In 1996, Ghufran activists and individuals said Qatari authorities started to strip entire families belonging to Ghufran clan of their citizenship without legal proceedings, or the chance to appeal. Media reports, US State Department reports, and the National Human Rights Committee say that in 2004, the government stripped 5,000 to 6,000 people of their Qatari citizenship.
One estimate put the upper figure at 10,000. Some of them immediately lost their jobs and others, over time, could no longer hold jobs or own property, and they and their families could not get government benefits. Some were detained and deported and their passports were revoked. Others who had been out of the country were refused entry. Many sought refuge in Saudi Arabia and other Gulf states.
In early 2006, the government changed course and over the next two years, restored citizenship to many of those whose citizenship had been stripped. The head of the National Human Rights Committee said on August 5, 2008 that citizenship had been restored to about 5,700 people, which he said was 95 percent of those whose citizenships had been revoked.
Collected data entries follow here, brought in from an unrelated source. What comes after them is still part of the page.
(* Let $n\ge 2$ be an integer, $k,c_b>0$, $\rho_0>0$, and let $\lambda_{1,0},\dots,\lambda_{n,0}$ be real numbers with $\lambda_{1,0}=\cdots=\lambda_{J,0}<\lambda_{J+1,0}\le\cdots\le\lambda_{n,0}$ for some integer $1\le J\le n$. Consider the system $$\lambda_i'=-\lambda_i^2+\frac{k}{n}(\rho-c_b)\ (i=1,\dots,n),\qquad \rho'=-\rho\lambda,\quad \lambda=\sum_{i=1}^n\lambda_i,\qquad \rho(0)=\rho_0,\ \lambda_i(0)=\lambda_{i,0},$$ suppose its maximal interval of existence is $[0,t_B)$ with $0<t_B<\infty$, and let $u_i(t)=e^{\int_0^t\lambda_i(s)\,ds}$. Then for every $J<j\le n$ the functions $u_1'u_j$ and $u_1u_j'$ are bounded on $[0,t_B)$, and $\lim_{t\to t_B^-}u_1(t)u_j(t)=0$.
   Context: Solutions are real-valued and continuously differentiable on $[0,t_B)$. *)

theory Defs
  imports "HOL-Analysis.Analysis"
begin

definition is_solution ::
  "nat \<Rightarrow> real \<Rightarrow> real \<Rightarrow> real \<Rightarrow> (nat \<Rightarrow> real) \<Rightarrow> real
     \<Rightarrow> (nat \<Rightarrow> real \<Rightarrow> real) \<Rightarrow> (real \<Rightarrow> real) \<Rightarrow> bool" where
  "is_solution n k cb rho0 lam0 T lam rho \<longleftrightarrow>
     0 < T \<and>
     rho 0 = rho0 \<and> (\<forall>i\<in>{1..n}. lam i 0 = lam0 i) \<and>
     continuous_on {0..<T} rho \<and> (\<forall>i\<in>{1..n}. continuous_on {0..<T} (lam i)) \<and>
     (\<forall>t\<in>{0..<T}.
        (\<forall>i\<in>{1..n}. (lam i has_real_derivative
            (- (lam i t)\<^sup>2 + k / real n * (rho t - cb))) (at t within {0..<T})) \<and>
        (rho has_real_derivative (- rho t * (\<Sum>i=1..n. lam i t))) (at t within {0..<T}))"

definition maximal_solution ::
  "nat \<Rightarrow> real \<Rightarrow> real \<Rightarrow> real \<Rightarrow> (nat \<Rightarrow> real) \<Rightarrow> real
     \<Rightarrow> (nat \<Rightarrow> real \<Rightarrow> real) \<Rightarrow> (real \<Rightarrow> real) \<Rightarrow> bool" where
  "maximal_solution n k cb rho0 lam0 tB lam rho \<longleftrightarrow>
     is_solution n k cb rho0 lam0 tB lam rho \<and>
     \<not> (\<exists>T>tB. \<exists>lam' rho'. is_solution n k cb rho0 lam0 T lam' rho')"

end

theory Submission
  imports Defs
begin
(* For contexts $\Gamma,\Delta$ and formulas $A,B$: if $\Gamma\vdash A$ has a focused derivation and $\Delta\vdash B$ has a focused derivation, then $\Gamma,\Delta\vdash A\bullet B$ has a focused derivation.
   Context: Formulas are built from atoms ($p,q,\dots$) by a binary product: every formula is an atom or $A\bullet B$. A context is a finite (possibly empty) list of formulas; commas denote concatenation. A context is irreducible if its leftmost formula is not a product (it is empty or begins with an atom). A focused derivation of a sequent is a finite derivation tree with no undischarged premises using only the rules: ($\bullet L$): from $A,B,\Delta\vdash C$ infer $A\bullet B,\Delta\vdash C$; ($\bullet R^{foc}$): from $\Gamma\vdash A$ and $\Delta\vdash B$ infer $\Gamma,\Delta\vdash A\bullet B$, where $\Gamma$ is irreducible; and ($id^{atm}$): $p\vdash p$ for atoms $p$. *)

theory Defs
  imports Main
begin

datatype 'a fma = Atom 'a | Prod "'a fma" "'a fma"

fun irreducible :: "'a fma list \<Rightarrow> bool" where
  "irreducible [] = True"
| "irreducible (Atom p # _) = True"
| "irreducible (Prod _ _ # _) = False"

inductive focused :: "'a fma list \<Rightarrow> 'a fma \<Rightarrow> bool" where
  prodL: "focused (A # B # \<Delta>) C \<Longrightarrow> focused (Prod A B # \<Delta>) C"
| prodR: "irreducible \<Gamma> \<Longrightarrow> focused \<Gamma> A \<Longrightarrow> focused \<Delta> B \<Longrightarrow> focused (\<Gamma> @ \<Delta>) (Prod A B)"
| idatm: "focused [Atom p] (Atom p)"

end

theory Submission
  imports Defs
begin

text \<open>Induction on the derivation of \<open>\<Gamma> \<turnstile> A\<close>. If it ends with \<open>\<bullet>L\<close>, apply the induction
  hypothesis to its premise and reapply \<open>\<bullet>L\<close>. If \<open>\<Gamma>\<close> is irreducible (last rule \<open>id\<close> or
  \<open>\<bullet>R\<close>), apply \<open>\<bullet>R\<close> directly; this is possible because derivable contexts are nonempty,
  so irreducibility of \<open>\<Gamma>\<close> is inherited by \<open>\<Gamma>, \<Delta>\<close>.\<close>

lemma focused_nonempty: "focused \<Gamma> A \<Longrightarrow> \<Gamma> \<noteq> []"
  by (induction rule: focused.induct) auto

lemma irreducible_append:
  "irreducible \<Gamma> \<Longrightarrow> \<Gamma> \<noteq> [] \<Longrightarrow> irreducible (\<Gamma> @ \<Delta>)"
  by (cases \<Gamma> rule: irreducible.cases) auto

theorem lemma1p15:
  fixes \<Gamma> \<Delta> :: "'a fma list" and A B :: "'a fma"
  assumes "focused \<Gamma> A" and "focused \<Delta> B"
  shows "focused (\<Gamma> @ \<Delta>) (Prod A B)"
  using assms
proof (induction arbitrary: \<Delta> B rule: focused.induct)
  case (prodL A' B' \<Gamma>' C)
  then have "focused (A' # B' # \<Gamma>' @ \<Delta>) (Prod C B)" by simp
  then show ?case by (simp add: focused.prodL)
next
  case (prodR \<Gamma>1 A1 \<Gamma>2 A2)
  have "focused (\<Gamma>1 @ \<Gamma>2) (Prod A1 A2)"
    using prodR.hyps by (rule focused.prodR)
  moreover have "irreducible (\<Gamma>1 @ \<Gamma>2)"
    using prodR.hyps by (simp add: irreducible_append focused_nonempty)
  ultimately show ?case
    using prodR.prems focused.prodR by fastforce
next
  case (idatm p)
  then show ?case using focused.prodR[of "[Atom p]"] focused.idatm by fastforce
qed

end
Ghufran activists dispute that claim, saying that the committee only counted those whose citizenships had been revoked in 2004, ignoring those revoked earlier.
In its annual reports between 2008 and 2014, the committee reported receiving 233 complaints regarding withdrawal and restoration of citizenship. It also reported receiving similar complaints between 2015 and 2017 but did not specify how many. None of the reports said how many complaints had been resolved.
In June 2017, after Saudi Arabia, the UAE, and Bahrain ordered all their nationals to leave Qatar and ordered the eviction of all Qatari nationals from their territory, the al-Ghufran clan’s plight resurfaced, as a small number of families and individuals who had settled in Saudi Arabia found themselves forced to leave. At the time, Human Rights Watch documented the case of one such person stuck at the border crossing between Saudi Arabia and Qatar. Qatari authorities finally let him enter some days later.